MPPA is a MIMD (Multiple Instruction streams, Multiple Data) architecture, with distributed memory accessed locally, not shared globally. Each processor is strictly encapsulated, accessing only its own code and memory. Point-to-point communication between processors is directly realized in the configurable interconnect.
The MPPA's massive parallelism and its distributed memory MIMD architecture distinguishes it from multicore and manycore architectures, which have fewer processors and an SMP or other shared memory architecture, mainly intended for general-purpose computing. It's also distinguished from GPGPUs with SIMD architectures, used for HPC applications.

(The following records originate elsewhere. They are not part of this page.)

lemma density_herm_basis:
  assumes k: "k \<in> index_pairs n"
  shows "density n (herm_basis n k)"
proof -
  obtain i j where ij: "k = (i,j)" "i < n" "j < n" using k unfolding index_pairs_def by auto
  have S: "{i,j} \<subseteq> {..<n}" using ij by auto
  have q: "quad_form n (herm_basis n k) v = (\<Sum>r\<in>{i,j}. \<Sum>s\<in>{i,j}. cnj (v r) * herm_basis_entry i j r s * v s)"
    for v
  proof -
    have "quad_form n (herm_basis n k) v = (\<Sum>r\<in>{i,j}. \<Sum>s\<in>{i,j}. cnj (v r) * herm_basis n k $$ (r,s) * v s)"
      by (rule quad_form_restrict[OF S]) (auto simp: ij(1) herm_basis_entry_outside)
    also have "\<dots> = (\<Sum>r\<in>{i,j}. \<Sum>s\<in>{i,j}. cnj (v r) * herm_basis_entry i j r s * v s)"
      using S by (intro sum.cong refl) (auto simp: ij(1))
    finally show ?thesis .
  qed
  text \<open>The quadratic form is \<open>|v\<^sub>i|\<^sup>2\<close>, \<open>|v\<^sub>i + v\<^sub>j|\<^sup>2/2\<close> or \<open>|v\<^sub>j + \<i> v\<^sub>i|\<^sup>2/2\<close>.\<close>
  have square: "\<exists>w. quad_form n (herm_basis n k) v = (if i = j then 1 else 1/2) * (cnj w * w)" for v
  proof (cases i j rule: linorder_cases)
    case equal
    then have "quad_form n (herm_basis n k) v = cnj (v i) * v i"
      unfolding q by (simp add: herm_basis_entry_diag)
    then show ?thesis using equal by (intro exI[of _ "v i"]) simp
  next
    case less
    then have "quad_form n (herm_basis n k) v = cnj (v i) * (1/2) * v i + cnj (v i) * (1/2) * v j
        + (cnj (v j) * (1/2) * v i + cnj (v j) * (1/2) * v j)"
      unfolding q by (simp add: herm_basis_entry_less)
    also have "\<dots> = (1/2) * (cnj (v i + v j) * (v i + v j))" by (simp add: algebra_simps)
    finally show ?thesis using less by (intro exI[of _ "v i + v j"]) simp
  next
    case greater
    then have "quad_form n (herm_basis n k) v = cnj (v i) * (1/2) * v i + cnj (v i) * (-\<i>/2) * v j
        + (cnj (v j) * (\<i>/2) * v i + cnj (v j) * (1/2) * v j)"
      unfolding q by (simp add: herm_basis_entry_greater)
    also have "\<dots> = (1/2) * (cnj (v j + \<i> * v i) * (v j + \<i> * v i))" by (simp add: algebra_simps)
    finally show ?thesis using greater by (intro exI[of _ "v j + \<i> * v i"]) simp
  qed
  have "psd n (herm_basis n k)"
    unfolding psd_iff
  proof (intro conjI allI)
    fix v
    obtain w where w: "quad_form n (herm_basis n k) v = (if i = j then 1 else 1/2) * (cnj w * w)"
      using square by blast
    have "Im (cnj w * w) = 0" "Re (cnj w * w) \<ge> 0" by (simp_all add: algebra_simps)
    then show "Im (quad_form n (herm_basis n k) v) = 0" "0 \<le> Re (quad_form n (herm_basis n k) v)"
      unfolding w by auto
  qed simp
  moreover have "mtrace (herm_basis n k) = 1"
  proof -
    have "mtrace (herm_basis n k) = (\<Sum>r<n. herm_basis_entry i j r r)"
      unfolding mtrace_carrier[OF herm_basis_carrier] by (intro sum.cong refl) (simp add: ij(1))
    also have "\<dots> = (\<Sum>r\<in>{i,j}. herm_basis_entry i j r r)"
      by (rule sum.mono_neutral_right) (use S herm_basis_entry_outside in auto)
    also have "\<dots> = 1"
      by (cases i j rule: linorder_cases)
         (simp_all add: herm_basis_entry_diag herm_basis_entry_less herm_basis_entry_greater)
    finally show ?thesis .
  qed
  ultimately show ?thesis unfolding density_def by simp
qed

lemma sum_offdiag_swap:
  fixes g :: "nat \<Rightarrow> nat \<Rightarrow> complex"
  shows "(\<Sum>i<n. \<Sum>l\<in>{..<n}-{i}. g l i) = (\<Sum>i<n. \<Sum>l\<in>{..<n}-{i}. g i l)"
proof -
  have e: "\<And>i h. (\<Sum>l\<in>{..<n}-{i}. h l) = (\<Sum>l<n. if l = i then 0 else h l)"
    by (rule sum.mono_neutral_cong_left) auto
  have "(\<Sum>i<n. \<Sum>l\<in>{..<n}-{i}. g l i) = (\<Sum>i<n. \<Sum>l<n. if l = i then 0 else g l i)" by (simp only: e)
  also have "\<dots> = (\<Sum>l<n. \<Sum>i<n. if l = i then 0 else g l i)" by (rule sum.swap)
  also have "\<dots> = (\<Sum>i<n. \<Sum>l<n. if l = i then 0 else g i l)" by (intro sum.cong refl) auto
  also have "\<dots> = (\<Sum>i<n. \<Sum>l\<in>{..<n}-{i}. g i l)" by (simp only: e)
  finally show ?thesis .
qed

lemma sum_herm_coord:
  assumes X: "X \<in> carrier_mat n n"
  shows "(\<Sum>k\<in>index_pairs n. herm_coord n X k) = mtrace X"
proof -
  define A where "A = (\<Sum>i<n. \<Sum>l\<in>{..<n}-{i}. pair_coord X i l)"
  have A2: "(\<Sum>i<n. \<Sum>l\<in>{..<n}-{i}. pair_coord X l i) = A"
    unfolding A_def by (rule sum_offdiag_swap)
  have "(\<Sum>k\<in>index_pairs n. herm_coord n X k) = (\<Sum>i<n. \<Sum>j<n. herm_coord n X (i,j))"
    unfolding index_pairs_def by (simp add: sum.cartesian_product)
  also have "\<dots> = (\<Sum>i<n. herm_coord n X (i,i) + (\<Sum>l\<in>{..<n}-{i}. pair_coord X i l))"
  proof (intro sum.cong refl)
    fix i assume i: "i \<in> {..<n}"
    have "(\<Sum>j<n. herm_coord n X (i,j))
        = herm_coord n X (i,i) + (\<Sum>j\<in>{..<n}-{i}. herm_coord n X (i,j))"
      using i by (simp add: sum.remove)
    also have "(\<Sum>j\<in>{..<n}-{i}. herm_coord n X (i,j)) = (\<Sum>l\<in>{..<n}-{i}. pair_coord X i l)"
      by (intro sum.cong refl) (auto simp: herm_coord_def)
    finally show "(\<Sum>j<n. herm_coord n X (i,j))
        = herm_coord n X (i,i) + (\<Sum>l\<in>{..<n}-{i}. pair_coord X i l)" .
  qed
  also have "\<dots> = (\<Sum>i<n. X $$ (i,i)) - (1/2) * (A + A) + A"
  proof -
    define S where "S i = (\<Sum>l\<in>{..<n}-{i}. pair_coord X i l)" for i
    define T where "T i = (\<Sum>l\<in>{..<n}-{i}. pair_coord X l i)" for i
    have b: "\<And>i. herm_coord n X (i,i) = X $$ (i,i) - (1/2) * (S i + T i)"
      unfolding S_def T_def by (simp add: herm_coord_def sum.distrib)
    have "(\<Sum>i<n. herm_coord n X (i,i) + (\<Sum>l\<in>{..<n}-{i}. pair_coord X i l))
        = (\<Sum>i<n. X $$ (i,i) - (1/2) * (S i + T i) + S i)"
      by (simp only: b S_def)
    also have "\<dots> = (\<Sum>i<n. X $$ (i,i)) - (1/2) * (sum S {..<n} + sum T {..<n}) + sum S {..<n}"
      by (simp add: sum.distrib sum_subtractf sum_divide_distrib[symmetric])
    also have "sum S {..<n} = A" unfolding S_def A_def ..
    also have "sum T {..<n} = A" unfolding T_def using A2 .
    finally show ?thesis .
  qed
  also have "\<dots> = mtrace X" using X by (simp add: mtrace_carrier)
  finally show ?thesis .
qed
(* Let $G$ be an abelian group and $B=\bigoplus_{i\in G}B_i$ a $G$-graded integral domain finitely generated as a $k$-algebra, where $k$ is a field of characteristic zero with $k\subseteq B_0$. Let $f$ be a cylindrical element of $B$ and $d=\deg(f)\in G$. Then there exists a nonzero homogeneous locally nilpotent derivation $D:B^{(d)}\to B^{(d)}$ such that $\ker(D)\not\subseteq B_0$ and, for some $n\ge1$, $f^n\in D(B^{(d)})\cap\ker(D)$.
   Context: $B^{(d)}=\bigoplus_{i\in\langle d\rangle}B_i$. For nonzero homogeneous $f$, $B_{(f)}$ is the degree-$0$ subring of $B_f$. A ring is a polynomial ring in one variable if it is a polynomial ring in one variable over some subring (zero ring counts). For a $G$-graded ring $B$, $f$ is cylindrical if it is nonzero and homogeneous, $\deg(f)$ has infinite order in $G$, and $B_{(f)}$ is a polynomial ring in one variable. A derivation is homogeneous if it shifts degrees by a fixed group element; locally nilpotent if every element is killed by some power of it. *)

theory Defs
  imports "HOL-Computational_Algebra.Polynomial" "HOL-Computational_Algebra.Fraction_Field"
begin

definition is_subring :: "'a::comm_ring_1 set \<Rightarrow> bool" where
  "is_subring A \<longleftrightarrow> 0 \<in> A \<and> 1 \<in> A \<and> (\<forall>x\<in>A. \<forall>y\<in>A. x + y \<in> A \<and> x * y \<in> A) \<and> (\<forall>x\<in>A. - x \<in> A)"

definition is_subfield :: "'a::comm_ring_1 set \<Rightarrow> bool" where
  "is_subfield K \<longleftrightarrow> is_subring K \<and> (\<forall>x\<in>K. x \<noteq> 0 \<longrightarrow> (\<exists>y\<in>K. x * y = 1))"

inductive_set alg_gen :: "'a::comm_ring_1 set \<Rightarrow> 'a set \<Rightarrow> 'a set" for K S where
  base_K: "c \<in> K \<Longrightarrow> c \<in> alg_gen K S"
| base_S: "s \<in> S \<Longrightarrow> s \<in> alg_gen K S"
| add: "x \<in> alg_gen K S \<Longrightarrow> y \<in> alg_gen K S \<Longrightarrow> x + y \<in> alg_gen K S"
| mult: "x \<in> alg_gen K S \<Longrightarrow> y \<in> alg_gen K S \<Longrightarrow> x * y \<in> alg_gen K S"

definition finitely_generated_algebra :: "'a::comm_ring_1 set \<Rightarrow> bool" where
  "finitely_generated_algebra K \<longleftrightarrow> (\<exists>S. finite S \<and> alg_gen K S = UNIV)"

definition poly_ring_one_var :: "'a::comm_ring_1 set \<Rightarrow> bool" where
  "poly_ring_one_var R \<longleftrightarrow>
     (\<exists>A t. is_subring A \<and> A \<subseteq> R \<and> t \<in> R \<and>
        R = {poly p t | p. \<forall>i. coeff p i \<in> A} \<and>
        (\<forall>p. (\<forall>i. coeff p i \<in> A) \<longrightarrow> poly p t = 0 \<longrightarrow> p = 0))"

fun nsm :: "nat \<Rightarrow> 'g::ab_group_add \<Rightarrow> 'g" where
  "nsm 0 g = 0"
| "nsm (Suc n) g = g + nsm n g"

definition cyc :: "'g::ab_group_add \<Rightarrow> 'g set" where
  "cyc d = {nsm n d | n. True} \<union> {- nsm n d | n. True}"

definition infinite_order :: "'g::ab_group_add \<Rightarrow> bool" where
  "infinite_order d \<longleftrightarrow> (\<forall>n>0. nsm n d \<noteq> 0)"

text \<open>Bg is a G-grading of the ring (whole type 'b), B = \<Oplus>_i Bg i, with K \<subseteq> B_0.\<close>
definition is_grading :: "('g::ab_group_add \<Rightarrow> 'b::comm_ring_1 set) \<Rightarrow> bool" where
  "is_grading Bg \<longleftrightarrow>
     (\<forall>i. 0 \<in> Bg i \<and> (\<forall>x\<in>Bg i. \<forall>y\<in>Bg i. x + y \<in> Bg i) \<and> (\<forall>x\<in>Bg i. - x \<in> Bg i)) \<and>
     (\<forall>i j. \<forall>x\<in>Bg i. \<forall>y\<in>Bg j. x * y \<in> Bg (i + j)) \<and>
     (\<forall>b. \<exists>!c. finite {i. c i \<noteq> 0} \<and> (\<forall>i. c i \<in> Bg i) \<and> b = (\<Sum>i\<in>{i. c i \<noteq> 0}. c i))"

definition homogeneous :: "('g \<Rightarrow> 'b set) \<Rightarrow> 'b \<Rightarrow> bool" where
  "homogeneous Bg b \<longleftrightarrow> (\<exists>i. b \<in> Bg i)"

definition veronese :: "('g::ab_group_add \<Rightarrow> 'b::comm_ring_1 set) \<Rightarrow> 'g \<Rightarrow> 'b set" where
  "veronese Bg d = {b. \<exists>c. finite {i. c i \<noteq> 0} \<and> (\<forall>i. c i \<in> Bg i) \<and>
                          {i. c i \<noteq> 0} \<subseteq> cyc d \<and> b = (\<Sum>i\<in>{i. c i \<noteq> 0}. c i)}"

text \<open>Degree-0 subring B_(f) of the localization B_f, inside the fraction field
  (B is a domain): the elements a / f^n with a homogeneous of degree n*deg f.\<close>
definition deg0_loc :: "('g::ab_group_add \<Rightarrow> 'b::idom set) \<Rightarrow> 'g \<Rightarrow> 'b \<Rightarrow> 'b fract set" where
  "deg0_loc Bg d f = {Fract a (f ^ n) | a n. a \<in> Bg (nsm n d)}"

definition cylindrical :: "('g::ab_group_add \<Rightarrow> 'b::idom set) \<Rightarrow> 'b \<Rightarrow> bool" where
  "cylindrical Bg f \<longleftrightarrow> f \<noteq> 0 \<and>
     (\<exists>d. f \<in> Bg d \<and> infinite_order d \<and> poly_ring_one_var (deg0_loc Bg d f))"

definition is_derivation_on :: "'b::comm_ring_1 set \<Rightarrow> ('b \<Rightarrow> 'b) \<Rightarrow> bool" where
  "is_derivation_on R D \<longleftrightarrow> (\<forall>x\<in>R. D x \<in> R) \<and>
     (\<forall>x\<in>R. \<forall>y\<in>R. D (x + y) = D x + D y \<and> D (x * y) = x * D y + y * D x)"

definition locally_nilpotent_on :: "'b::comm_ring_1 set \<Rightarrow> ('b \<Rightarrow> 'b) \<Rightarrow> bool" where
  "locally_nilpotent_on R D \<longleftrightarrow> (\<forall>x\<in>R. \<exists>n. (D ^^ n) x = 0)"

definition homogeneous_derivation_on ::
    "('g::ab_group_add \<Rightarrow> 'b::comm_ring_1 set) \<Rightarrow> 'b set \<Rightarrow> ('b \<Rightarrow> 'b) \<Rightarrow> bool" where
  "homogeneous_derivation_on Bg R D \<longleftrightarrow> (\<exists>e. \<forall>i. \<forall>x\<in>Bg i \<inter> R. D x \<in> Bg (i + e))"

end

theory Submission
  imports Defs "HOL-Library.Ramsey" "HOL-Computational_Algebra.Polynomial_Factorial"
begin

text \<open>
  Write \<open>B\<^sub>(\<^sub>f\<^sub>) = A[t]\<close> with \<open>t\<close> transcendental over \<open>A\<close>. As \<open>deg f\<close> has infinite
  order, \<open>f\<close> is transcendental over \<open>B\<^sub>(\<^sub>f\<^sub>)\<close>, and \<open>B\<^sup>(\<^sup>d\<^sup>)\<^sub>f = A[t][f, 1/f]\<close>. The
  derivative \<open>\<partial>/\<partial>t\<close>, extended by \<open>\<partial>f = 0\<close>, is a locally nilpotent derivation of
  \<open>B\<^sup>(\<^sup>d\<^sup>)\<^sub>f\<close> preserving degrees. Since \<open>B\<^sup>(\<^sup>d\<^sup>)\<close> is a finitely generated algebra
  (Dickson's lemma), \<open>D = f\<^sup>N \<partial>/\<partial>t\<close> maps \<open>B\<^sup>(\<^sup>d\<^sup>)\<close> into itself for large \<open>N\<close>. Then \<open>D\<close>
  is homogeneous of degree \<open>N d\<close>, kills \<open>f\<close>, and \<open>D a = f\<^sup>N\<^sup>+\<^sup>m\<close> if \<open>t = a / f\<^sup>m\<close>.
\<close>

context
  fixes S :: "'a::comm_ring_1 set"
  assumes S: "is_subring S"
begin

lemma subring_0: "0 \<in> S"
  and subring_1: "1 \<in> S"
  and subring_add: "x \<in> S \<Longrightarrow> y \<in> S \<Longrightarrow> x + y \<in> S"
  and subring_mult: "x \<in> S \<Longrightarrow> y \<in> S \<Longrightarrow> x * y \<in> S"
  and subring_uminus: "x \<in> S \<Longrightarrow> - x \<in> S"
  using S unfolding is_subring_def by blast+

lemma subring_diff: "x \<in> S \<Longrightarrow> y \<in> S \<Longrightarrow> x - y \<in> S"
  using subring_add subring_uminus by (metis diff_conv_add_uminus)

lemma subring_sum: "(\<And>i. i \<in> I \<Longrightarrow> g i \<in> S) \<Longrightarrow> sum g I \<in> S"
  by (induction I rule: infinite_finite_induct) (auto intro: subring_0 subring_add)

lemma subring_power: "x \<in> S \<Longrightarrow> x ^ n \<in> S"
  by (induction n) (auto intro: subring_1 subring_mult)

An MPPA application is developed by expressing it as a hierarchical block diagram or workflow, whose basic objects run in parallel, each on their own processor. Likewise, large data objects may be broken up and distributed into local memories with parallel access. Objects communicate over a parallel structure of dedicated channels. The objective is to maximize aggregate throughput while minimizing local latency, optimizing performance and efficiency. An MPPA's model of computation is similar to a Kahn process network or Communicating sequential processes (CSP).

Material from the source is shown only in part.